Previously we found that your generation was sluttier, so we turn now to another great threat to civilization — violence (between individuals). As before, our concern is with whether violent crime rates are increasing or decreasing, and not so much with the absolute level: it is easier to screw up civilization than it is to improve on it, so a decline can quickly snowball, while it may take much longer to restore things to their previous levels.
There are very good and very clear data on violent crime, so this post will be much more direct than the one on sluttiness. Let’s begin with homicide. The Bureau of Justice Statistics, part of the US Department of Justice, has taken homicide data from the CDC’s National Center for Health Statistics and put it into a straightforward graph. I see five trends in the graph: an increase from 1900 to the mid-1930s, a decrease from the mid-1930s to about 1960, an increase from 1960 to the late 1970s, a fairly steady high level (with oscillations) throughout the 1980s, and a decrease from 1992 to the present.
To be generous to older generations, let’s say that much of this homicide is committed by 15 year-olds. That means that the cohort born in 1945 is responsible for the increase that began in 1960. I figure you have to be about 73 years old in order to decry how violent the younger generations have been — certainly the Boomers and Gen X-ers cannot complain, while Generation Y should be thankful they’ve lived through such peaceful times.
The homicide data also caution against viewing the past with rosy spectacles — there was nothing peaceful at all about the first third of the 20th century. Declinists who long for better times in the past seem to latch onto a fleeting period of rest and prosperity. That’s fine, as far as worshipping one period over another goes. However, we should not think that we can easily maintain that level, whether through individual choice or institutional incentives, as oscillations and limit cycles appear to be the rule rather than the exception. We should aim instead to have a somewhat low level of Bad Things, with low-amplitude fluctuations, and not let the mere existence of waxing and waning cause us hysteria.
What about the intersection of sex and violence — how have forcible rape rates changed over time? Again we turn to BJS data, although they do not go back nearly as far as homicide data, the earliest year being 1960. After retrieving data from this page, looking at the entire United States, forcible rape rate, from 1960 to 2006, I put them into a simple graph:
There are only two trends here: an increase from 1963 to 1992, and a decrease afterward. In fact, the two trends look pretty linear on first glance. The slope of the increasing trend is about +1.11, and the slope of the decreasing trend is about -0.85, confirming the hunch that the decline of civilization snowballs more quickly than its restoration proceeds. As with homicide, Boomers and Gen X-ers cannot complain about rape epidemics in recent generations. This is particularly true for the Boomers and Gen X-ers who manufactured and continue to prop up the myth of the campus rape crisis.

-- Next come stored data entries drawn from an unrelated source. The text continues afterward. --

(* For every $n>1$ there are finite symmetric $\mathcal L_n$-structures $\mathcal X=\langle X;X_1,\dots,X_n\rangle$ and $\mathcal Y=\langle Y;Y_1,\dots,Y_n\rangle$ such that $\mathcal X$ and $\mathcal Y$ are not isomorphic, but their reducts $\langle X;X_1,\dots,X_{n-1}\rangle$ and $\langle Y;Y_1,\dots,Y_{n-1}\rangle$ to $\mathcal L_{n-1}$ are isomorphic.
   Context: For $n\in\mathbb N$, $\mathcal L_n$ is the first-order language $\{P_1,\dots,P_n\}$ of $n$ unary predicates ($\mathcal L_0$ is the language of pure equality). An $\mathcal L_n$-structure $\mathcal F=\langle F;F_1,\dots,F_n\rangle$ has $F_i$ the interpretation of $P_i$. For $n>1$, $\mathcal F$ is symmetric if for every permutation $\sigma\in\mathfrak S_n$ the structure $\mathcal F$ is isomorphic to $\langle F;F_{\sigma(1)},\dots,F_{\sigma(n)}\rangle$, i.e. there is a bijection $\tilde\sigma:F\to F$ with $\gamma\in F_i$ iff $\tilde\sigma(\gamma)\in F_{\sigma(i)}$. *)

theory Defs
  imports "HOL-Combinatorics.Permutations"
begin

text \<open>An L_n-structure is represented by a carrier set F and a family of
unary predicates P :: nat => 'a set, where P i (for 1 <= i <= n) interprets P_i
and must be a subset of F. Values of P outside {1..n} are irrelevant.\<close>

definition ln_structure :: "nat \<Rightarrow> 'a set \<Rightarrow> (nat \<Rightarrow> 'a set) \<Rightarrow> bool" where
  "ln_structure n F P \<longleftrightarrow> (\<forall>i\<in>{1..n}. P i \<subseteq> F)"

definition ln_iso :: "nat \<Rightarrow> 'a set \<Rightarrow> (nat \<Rightarrow> 'a set) \<Rightarrow> 'b set \<Rightarrow> (nat \<Rightarrow> 'b set) \<Rightarrow> bool" where
  "ln_iso n F P G Q \<longleftrightarrow>
     (\<exists>f. bij_betw f F G \<and> (\<forall>i\<in>{1..n}. \<forall>x\<in>F. x \<in> P i \<longleftrightarrow> f x \<in> Q i))"

definition ln_symmetric :: "nat \<Rightarrow> 'a set \<Rightarrow> (nat \<Rightarrow> 'a set) \<Rightarrow> bool" where
  "ln_symmetric n F P \<longleftrightarrow>
     (\<forall>\<sigma>. \<sigma> permutes {1..n} \<longrightarrow> ln_iso n F P F (\<lambda>i. P (\<sigma> i)))"

end

theory Submission
  imports Defs
begin

text \<open>Take for \<open>\<X>\<close> the subsets of \<open>{1..n}\<close> of even size and for \<open>\<Y>\<close> those of odd size, with
  \<open>S \<in> X\<^sub>i\<close> iff \<open>i \<in> S\<close>. Both are symmetric since permutations of \<open>{1..n}\<close> act on them.
  They are not isomorphic: the empty set lies in no \<open>X\<^sub>i\<close>, whereas every odd set lies in some \<open>Y\<^sub>i\<close>.
  Toggling the element \<open>n\<close> flips the parity and preserves membership of every \<open>i < n\<close>,
  so the reducts to the first \<open>n - 1\<close> predicates are isomorphic.\<close>

lemma ln_iso_sym:
  assumes "ln_iso n F P G Q"
  shows "ln_iso n G Q F P"
proof -
  obtain f where f: "bij_betw f F G" and pres: "\<forall>i\<in>{1..n}. \<forall>x\<in>F. x \<in> P i \<longleftrightarrow> f x \<in> Q i"
    using assms unfolding ln_iso_def by blast
  have inv: "bij_betw (inv_into F f) G F"
    using f by (rule bij_betw_inv_into)
  have "\<forall>i\<in>{1..n}. \<forall>y\<in>G. y \<in> Q i \<longleftrightarrow> inv_into F f y \<in> P i"
  proof (intro ballI)
    fix i y assume "i \<in> {1..n}" "y \<in> G"
    moreover have "inv_into F f y \<in> F" and "f (inv_into F f y) = y"
      using f \<open>y \<in> G\<close> by (auto simp: bij_betw_def inv_into_into f_inv_into_f)
    ultimately show "y \<in> Q i \<longleftrightarrow> inv_into F f y \<in> P i"
      using pres by metis
  qed
  with inv show ?thesis
    unfolding ln_iso_def by blast
qed

lemma ln_iso_trans [trans]:
  assumes "ln_iso n F P G Q" and "ln_iso n G Q H R"
  shows "ln_iso n F P H R"
proof -
  obtain f where f: "bij_betw f F G" "\<forall>i\<in>{1..n}. \<forall>x\<in>F. x \<in> P i \<longleftrightarrow> f x \<in> Q i"
    using assms(1) unfolding ln_iso_def by blast
  obtain g where g: "bij_betw g G H" "\<forall>i\<in>{1..n}. \<forall>x\<in>G. x \<in> Q i \<longleftrightarrow> g x \<in> R i"
    using assms(2) unfolding ln_iso_def by blast
  have "bij_betw (g \<circ> f) F H"
    using f(1) g(1) by (rule bij_betw_trans)
  moreover have "\<forall>i\<in>{1..n}. \<forall>x\<in>F. x \<in> P i \<longleftrightarrow> (g \<circ> f) x \<in> R i"
    using f g by (metis bij_betwE comp_apply)
  ultimately show ?thesis
    unfolding ln_iso_def by blast
qed

lemma ln_iso_permute:
  assumes "ln_iso n F P G Q" and "\<sigma> permutes {1..n}"
  shows "ln_iso n F (\<lambda>i. P (\<sigma> i)) G (\<lambda>i. Q (\<sigma> i))"
  using assms unfolding ln_iso_def by (meson permutes_in_image)

lemma ln_symmetric_iso:
  assumes "ln_iso n F P G Q" and "ln_symmetric n F P"
  shows "ln_symmetric n G Q"
  unfolding ln_symmetric_def
proof (intro allI impI)
  fix \<sigma> assume \<sigma>: "\<sigma> permutes {1..n}"
  have "ln_iso n G Q F P"
    using assms(1) by (rule ln_iso_sym)
  also have "ln_iso n F P F (\<lambda>i. P (\<sigma> i))"
    using assms(2) \<sigma> unfolding ln_symmetric_def by blast
  also have "ln_iso n F (\<lambda>i. P (\<sigma> i)) G (\<lambda>i. Q (\<sigma> i))"
    using assms(1) \<sigma> by (rule ln_iso_permute)
  finally show "ln_iso n G Q G (\<lambda>i. Q (\<sigma> i))" .
qed

lemma finite_ln_structure_nat_copy:
  fixes F :: "'a set"
  assumes "finite F"
  obtains X :: "nat set" and XP where "finite X" "ln_structure n X XP" "\<And>m. ln_iso m F P X XP"
proof -
  obtain g :: "'a \<Rightarrow> nat" where g: "inj_on g F"
    using finite_imp_inj_to_nat_seg[OF assms] by blast
  have "ln_iso m F P (g ` F) (\<lambda>i. g ` (P i \<inter> F))" for m
  proof -
    have "bij_betw g F (g ` F)"
      using g by (rule inj_on_imp_bij_betw)
    moreover have "\<forall>i\<in>{1..m}. \<forall>x\<in>F. x \<in> P i \<longleftrightarrow> g x \<in> g ` (P i \<inter> F)"
      using g by (auto simp: inj_on_def)
    ultimately show ?thesis
      unfolding ln_iso_def by blast
  qed
  moreover have "ln_structure n (g ` F) (\<lambda>i. g ` (P i \<inter> F))"
    unfolding ln_structure_def by auto
  ultimately show ?thesis
    using that assms by blast
qed

definition subsets_with_card :: "nat \<Rightarrow> (nat \<Rightarrow> bool) \<Rightarrow> nat set set" where
  "subsets_with_card n C = {S. S \<subseteq> {1..n} \<and> C (card S)}"

definition member_preds :: "'a set set \<Rightarrow> 'a \<Rightarrow> 'a set set" where
  "member_preds A i = {S \<in> A. i \<in> S}"

lemma finite_subsets_with_card: "finite (subsets_with_card n C)"
  unfolding subsets_with_card_def by (rule finite_subset[of _ "Pow {1..n}"]) auto

lemma image_permutes_subsets_with_card:
  assumes "\<sigma> permutes {1..n}" and "S \<in> subsets_with_card n C"
  shows "\<sigma> ` S \<in> subsets_with_card n C"
proof -
  have "card (\<sigma> ` S) = card S"
    using permutes_inj[OF assms(1)] by (simp add: card_image inj_on_subset)
  moreover have "\<sigma> ` S \<subseteq> {1..n}"
    using assms permutes_image[OF assms(1)] unfolding subsets_with_card_def by blast
  ultimately show ?thesis
    using assms(2) unfolding subsets_with_card_def by simp
qed

lemma ln_symmetric_subsets_with_card:
  fixes n :: nat and C :: "nat \<Rightarrow> bool"
  defines "A \<equiv> subsets_with_card n C"
  shows "ln_symmetric n A (member_preds A)"
  unfolding ln_symmetric_def
proof (intro allI impI)
  fix \<sigma> assume \<sigma>: "\<sigma> permutes {1..n}"
  have \<sigma>': "inv \<sigma> permutes {1..n}"
    using \<sigma> by (rule permutes_inv)
  have "bij_betw ((`) \<sigma>) A A"
  proof (rule bij_betw_byWitness[where f' = "(`) (inv \<sigma>)"])
    show "\<forall>S\<in>A. inv \<sigma> ` \<sigma> ` S = S" "\<forall>S\<in>A. \<sigma> ` inv \<sigma> ` S = S"
      by (simp_all add: image_comp permutes_inverses[OF \<sigma>])
    show "(`) \<sigma> ` A \<subseteq> A" "(`) (inv \<sigma>) ` A \<subseteq> A"
      using image_permutes_subsets_with_card[OF \<sigma>] image_permutes_subsets_with_card[OF \<sigma>']
      unfolding A_def by blast+
  qed
  moreover have "\<forall>i\<in>{1..n}. \<forall>S\<in>A. S \<in> member_preds A i \<longleftrightarrow> \<sigma> ` S \<in> member_preds A (\<sigma> i)"
    using \<open>bij_betw ((`) \<sigma>) A A\<close> permutes_inj[OF \<sigma>]
    by (auto simp: member_preds_def inj_image_mem_iff bij_betwE)
  ultimately show "ln_iso n A (member_preds A) A (\<lambda>i. member_preds A (\<sigma> i))"
    unfolding ln_iso_def by blast
qed

lemma not_ln_iso_even_odd_subsets:
  fixes n :: nat
  defines "Ev \<equiv> subsets_with_card n even" and "Od \<equiv> subsets_with_card n odd"
  shows "\<not> ln_iso n Ev (member_preds Ev) Od (member_preds Od)"
proof
  assume "ln_iso n Ev (member_preds Ev) Od (member_preds Od)"
  then obtain f where f: "bij_betw f Ev Od"
    and pres: "\<forall>i\<in>{1..n}. \<forall>S\<in>Ev. S \<in> member_preds Ev i \<longleftrightarrow> f S \<in> member_preds Od i"
    unfolding ln_iso_def by blast
  have "{} \<in> Ev"
    unfolding Ev_def subsets_with_card_def by simp
  then have "f {} \<in> Od"
    using f bij_betwE by blast
  then have "f {} \<subseteq> {1..n}" and "f {} \<noteq> {}"
    unfolding Od_def subsets_with_card_def by auto
  then obtain i where "i \<in> {1..n}" "i \<in> f {}"
    by blast
  with \<open>f {} \<in> Od\<close> have "f {} \<in> member_preds Od i"
    unfolding member_preds_def by blast
  with pres \<open>i \<in> {1..n}\<close> \<open>{} \<in> Ev\<close> have "{} \<in> member_preds Ev i"
    by blast
  then show False
    unfolding member_preds_def by blast
qed

definition toggle :: "'a \<Rightarrow> 'a set \<Rightarrow> 'a set" where
  "toggle a S = (if a \<in> S then S - {a} else insert a S)"

lemma toggle_toggle [simp]: "toggle a (toggle a S) = S"
  unfolding toggle_def by auto

lemma toggle_mem_iff [simp]: "i \<noteq> a \<Longrightarrow> i \<in> toggle a S \<longleftrightarrow> i \<in> S"
  unfolding toggle_def by auto

lemma even_card_toggle:
  assumes "finite S"
  shows "even (card (toggle a S)) \<longleftrightarrow> odd (card S)"
proof (cases "a \<in> S")
  case True
  then have "card S = Suc (card (S - {a}))"
    using assms by (metis card_Suc_Diff1)
  with True show ?thesis
    unfolding toggle_def by simp
qed (use assms in \<open>simp add: toggle_def\<close>)

lemma bij_betw_toggle_even_odd_subsets:
  assumes "a \<in> {1..n}"
  shows "bij_betw (toggle a) (subsets_with_card n even) (subsets_with_card n odd)"
proof -
  have toggle_subset: "toggle a S \<subseteq> {1..n}" if "S \<subseteq> {1..n}" for S
    using assms that unfolding toggle_def by auto
  have parity: "even (card (toggle a S)) \<longleftrightarrow> odd (card S)" if "S \<subseteq> {1..n}" for S
    using that by (intro even_card_toggle) (rule finite_subset, auto)
  have "toggle a S \<in> subsets_with_card n odd" if "S \<in> subsets_with_card n even" for S
    using that toggle_subset parity unfolding subsets_with_card_def by auto
  moreover have "toggle a S \<in> subsets_with_card n even" if "S \<in> subsets_with_card n odd" for S
    using that toggle_subset parity unfolding subsets_with_card_def by auto
  ultimately show ?thesis
    by (intro bij_betw_byWitness[where f' = "toggle a"]) auto
qed

lemma ln_iso_reduct_even_odd_subsets:
  fixes n :: nat
  assumes "n > 0"
  defines "Ev \<equiv> subsets_with_card n even" and "Od \<equiv> subsets_with_card n odd"
  shows "ln_iso (n - 1) Ev (member_preds Ev) Od (member_preds Od)"
proof -
  have bij: "bij_betw (toggle n) Ev Od"
    using assms by (auto intro: bij_betw_toggle_even_odd_subsets)
  have "\<forall>i\<in>{1..n - 1}. \<forall>S\<in>Ev. S \<in> member_preds Ev i \<longleftrightarrow> toggle n S \<in> member_preds Od i"
    using bij by (auto simp: member_preds_def bij_betwE)
  with bij show ?thesis
    unfolding ln_iso_def by blast
qed

theorem lemma5p6:
  fixes n :: nat
  assumes "n > 1"
  shows "\<exists>(X :: nat set) XP (Y :: nat set) YP.
           finite X \<and> finite Y \<and>
           ln_structure n X XP \<and> ln_structure n Y YP \<and>
           ln_symmetric n X XP \<and> ln_symmetric n Y YP \<and>
           \<not> ln_iso n X XP Y YP \<and>
           ln_iso (n - 1) X XP Y YP"
proof -
  define Ev where "Ev = subsets_with_card n even"
  define Od where "Od = subsets_with_card n odd"
  obtain X :: "nat set" and XP
    where X: "finite X" "ln_structure n X XP" "\<And>m. ln_iso m Ev (member_preds Ev) X XP"
    unfolding Ev_def by (metis finite_ln_structure_nat_copy finite_subsets_with_card)
  obtain Y :: "nat set" and YP
    where Y: "finite Y" "ln_structure n Y YP" "\<And>m. ln_iso m Od (member_preds Od) Y YP"
    unfolding Od_def by (metis finite_ln_structure_nat_copy finite_subsets_with_card)
  have "ln_symmetric n X XP" "ln_symmetric n Y YP"
    using ln_symmetric_iso X(3) Y(3) ln_symmetric_subsets_with_card unfolding Ev_def Od_def by blast+
  moreover have "\<not> ln_iso n X XP Y YP"
    using not_ln_iso_even_odd_subsets[of n] ln_iso_trans[OF ln_iso_trans[OF X(3)] ln_iso_sym[OF Y(3)]]
    unfolding Ev_def Od_def by auto
  moreover have "ln_iso (n - 1) X XP Y YP"
    using ln_iso_trans[OF ln_iso_trans[OF ln_iso_sym[OF X(3)]] Y(3)]
      ln_iso_reduct_even_odd_subsets[of n] assms unfolding Ev_def Od_def by auto
  ultimately show ?thesis
    using X Y by blast
qed

end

The BJS also has an index of “violent crime” that includes murder and non-negligent manslaughter, forcible rape, robbery, and aggravated assault. I used the same search function as for the rape rate graph, and the trends for this general violent crime rate look the same as the rape rate trends, so I won’t include the graph. In brief, there’s an increase from 1962 to 1991, and a decrease afterward.
As in the case of sluttiness, using popular culture as a means of taking civilization’s pulse is highly unreliable. Before, we saw that slutty behavior has been decreasing even as perceived slutty appearances have been increasing. Here, we see that violent crime has been decreasing even as video games, movies, and TV shows have become increasingly violent. To pick just one example, gangsta rap was invisible during the 1980s and only became popular when Dr. Dre’s album The Chronic came out in 1992, drawing ever larger audiences throughout the 1990s — at the very time when violent crime was falling.
I don’t believe that trends in real behavior and in popular culture are causally related in an inverse way either — just that they are independent of each other. Cycles of fashion in the cultural realm are self-contained, and oscillations and limit cycles in real behavior are also self-contained, at least to a first approximation. I’ve read posts at Cognitive Daily that exposure to violent video games (and perhaps TV shows?) desensitizes people to violence within controlled, experimental laboratory settings, and that is an interesting finding. However, in examining the world outside of the lab, violent media cannot hope to account for even a trivial share of the variance across time in violent behavior.